Is social media important for a trivia night’s success?
"We find a lot of bars, especially the small ones, have social media but don’t really understand it. We know that in the lead-up to your night, you have to be posting three or four times a week. We have a library of resources, bars can tap into, and we use Active Campaign to automate a lot of processes, so as soon as venues onboard with us, they get an eight-week social-media program. We don’t do it for them, we teach them to do it. We tell our venues: our responsibility is to create a brand that people want to engage with and follow; your responsibility is to associate yourself with that brand."
How do you know what works?
"We have a lot of data. We collect the crowd size of every show and can look at that data on a venue, city or state level to see what the crowd pulse is. It goes through a constant wave, and it takes about 10 to 15 weeks to recognise patterns for each venue, but when you get to that point, you can say: 'Hey, you’re going to have a dip here. So let's put the promo just before that and try and level out.'"
Was that support part of the original plan?
"Noooooo. Initially I thought: 'We’ll turn up with a mic and just do it.' We've been doing this for 18 years, but I get bored easily, so I started going deep into it."

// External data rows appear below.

text \<open>Injectivity follows from uniqueness: \<open>M\<^sub>\<epsilon> z = 0\<close> makes \<open>profile z\<close> a solution with zero
  reservoirs, hence zero at the sites \<open>1, 2\<close>, which forces \<open>z = 0\<close>.\<close>

lemma Mmat_injective:
  assumes "Mmat \<epsilon> \<gamma> N *v z = 0"
  shows "z = 0"
proof -
  have "drift_form \<epsilon> \<gamma> N 0 0 0 0 (profile z) v = 0" for v
    unfolding drift_form_profile using assms by simp
  then have p: "profile z i x = 0" if "i \<le> 1" "x \<in> {1..N}" for i x
    using drift_form_nondegenerate that by blast
  have "profile z 0 1 - profile z 1 1 = 0" "profile z 0 2 - profile z 1 2 = 0"
    "profile z 0 1 + \<epsilon> * profile z 1 1 = 0" "profile z 0 2 + \<epsilon> * profile z 1 2 = 0"
    using p N_ge_2 by auto
  moreover have "1 + \<epsilon> \<noteq> 0" using eps_pos by simp
  ultimately have e: "z$3 * \<alpha>\<^sub>1 + z$4 * \<alpha>\<^sub>2 = 0" "z$3 * \<alpha>\<^sub>1\<^sup>2 + z$4 * \<alpha>\<^sub>2\<^sup>2 = 0"
    "z$1 + z$2 = 0" "2 * z$1 + z$2 = 0"
    unfolding profile_def by (simp_all add: algebra_simps, algebra+)
  have "z$4 * \<alpha>\<^sub>2 * (\<alpha>\<^sub>2 - \<alpha>\<^sub>1) = (z$3 * \<alpha>\<^sub>1\<^sup>2 + z$4 * \<alpha>\<^sub>2\<^sup>2) - \<alpha>\<^sub>1 * (z$3 * \<alpha>\<^sub>1 + z$4 * \<alpha>\<^sub>2)"
    by (simp add: algebra_simps power2_eq_square)
  then have "z$4 * \<alpha>\<^sub>2 * (\<alpha>\<^sub>2 - \<alpha>\<^sub>1) = 0" using e by simp
  then have "z$4 = 0" using alpha_roots(2,3) by simp
  then have "z$3 = 0" "z$1 = 0" "z$2 = 0" using e alpha_roots(1) by auto
  with \<open>z$4 = 0\<close> show ?thesis
    unfolding vec_eq_iff by (metis exhaust_4 zero_index)
qed

lemma Mmat_matrix_inv: "Mmat \<epsilon> \<gamma> N *v (matrix_inv (Mmat \<epsilon> \<gamma> N) *v y) = y"
proof -
  let ?M = "Mmat \<epsilon> \<gamma> N"
  have "\<exists>B. B ** ?M = mat 1"
    unfolding matrix_left_invertible_ker using Mmat_injective by blast
  then obtain B where B: "B ** ?M = mat 1" by blast
  then have "?M ** B = mat 1" using matrix_left_right_inverse by blast
  with B have "\<exists>A'. ?M ** A' = mat 1 \<and> A' ** ?M = mat 1" by blast
  then have "?M ** matrix_inv ?M = mat 1"
    unfolding matrix_inv_def by (rule someI_ex[THEN conjunct1])
  then show ?thesis by (simp add: matrix_vector_mul_assoc)
qed

end

section \<open>Stationary expectations\<close>

locale stationary_switching_system = switching_system +
  fixes \<mu> :: "cfg pmf"
  assumes stationary: "stationary \<sigma> N \<epsilon> \<gamma> (\<lambda>i. if i = 0 then a else b) (\<lambda>i. if i = 0 then c else d) \<mu>"
begin

abbreviation rate_to :: "cfg \<Rightarrow> cfg \<Rightarrow> real" where
  "rate_to \<xi> \<eta> \<equiv> jump_rate \<sigma> N \<epsilon> \<gamma> (\<lambda>i. if i = 0 then a else b) (\<lambda>i. if i = 0 then c else d) \<xi> \<eta>"

abbreviation out_rate :: "cfg \<Rightarrow> real" where
  "out_rate \<eta> \<equiv> exit_rate \<sigma> N \<epsilon> \<gamma> (\<lambda>i. if i = 0 then a else b) (\<lambda>i. if i = 0 then c else d) \<eta>"

lemma valid_if_in_support: "\<xi> \<in> set_pmf \<mu> \<Longrightarrow> valid \<xi>"
  using stationary unfolding stationary_def by auto

lemma balance_finite_predecessors:
  assumes "valid \<eta>" "finite F"
    and pred: "\<And>\<xi>. valid \<xi> \<Longrightarrow> rate_to \<xi> \<eta> \<noteq> 0 \<Longrightarrow> \<xi> \<in> F"
  shows "(\<Sum>\<xi>\<in>F. pmf \<mu> \<xi> * rate_to \<xi> \<eta>) = pmf \<mu> \<eta> * out_rate \<eta>"
proof -
  have "(\<Sum>\<xi>\<in>F. pmf \<mu> \<xi> * rate_to \<xi> \<eta>) = infsum (\<lambda>\<xi>. pmf \<mu> \<xi> * rate_to \<xi> \<eta>) UNIV"
  proof (subst infsum_finite[OF assms(2), symmetric], rule infsum_cong_neutral)
    fix \<xi> assume "\<xi> \<in> UNIV - F"
    then show "pmf \<mu> \<xi> * rate_to \<xi> \<eta> = 0"
      using pred valid_if_in_support by (auto simp: set_pmf_iff)
  qed auto
  also have "\<dots> = pmf \<mu> \<eta> * out_rate \<eta>"
    using stationary assms(1) unfolding stationary_def by auto
  finally show ?thesis .
qed

lemma jump_rate_nonzero_imp_jump:
  assumes "rate_to \<xi> \<eta> \<noteq> 0"
  obtains p where "p \<in> set (jumps \<xi>)" "fst p = \<eta>"
proof -
  from assms have "filter (\<lambda>p. fst p = \<eta>) (jumps \<xi>) \<noteq> []"
    unfolding jump_rate_def by auto
  then show ?thesis
    using that by (auto simp: filter_empty_conv)
qed

lemma generator_outside:
  assumes "\<And>\<eta>. h \<eta> \<noteq> 0 \<Longrightarrow> particle_count N \<eta> \<le> M" "M + 1 < particle_count N \<xi>"
  shows "generator (jumps \<xi>) h \<xi> = 0"
proof -
  have "h \<xi> = 0"
    using assms(1)[of \<xi>] assms(2) by (cases "h \<xi> = 0") auto
  moreover have "h (fst p) = 0" if "p \<in> set (jumps \<xi>)" for p
    using particle_count_jump[OF that] assms(1)[of "fst p"] assms(2) by (cases "h (fst p) = 0") auto
  ultimately have "map (\<lambda>p. snd p * (h (fst p) - h \<xi>)) (jumps \<xi>) = map (\<lambda>_. 0) (jumps \<xi>)"
    by (intro map_cong) auto
  then show ?thesis
    unfolding generator_def by (simp only: sum_list_0)
qed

"It’s not really about the tech or data – it's the show's personality that venues pay for. You’re trying to personify the pub, to give the venue something that punters can walk in and identify with and want to get to know. The other stuff is just how we get it there. We’re clever and professional with that, but on the other hand we’re idiots, and we have a lot of fun. If we’re having fun, everyone is.
"You want to take people on a journey with you. That creates the ambience. It’s all about good storytelling, a sense of discovery. At the end of the night you want people to think: 'This was great. I want to tell my friends about this – I want to bring them next time.' Then you’re creating a relationship."
Are funny trivia nights just a thing for hip inner-city bars?
"We’ve seen a lot of outer suburb bars doing really well. Fewer people are coming into cities, so football clubs and venues that have a real community base have become great places for people to hang out. A lot of lo-fi breweries have done exceptionally well.
"More than half our clients in Queensland are breweries – some are really slick and some feel like you’re walking into someone’s garage but they’re packed out because the owners and the managers have created a great community. You can get these magical shows where 140 people turn up and you’re knocking people back on a Monday night."
So quizzes build community?
"That’s our thing: bringing the customers – and their friends. Teams become personalities in the show, and the bartenders become personalities. We want to create an atmosphere where friends have a bonding experience."
We're going to the bar, what are you having?
"If you're paying, I'll have a Negroni thanks!"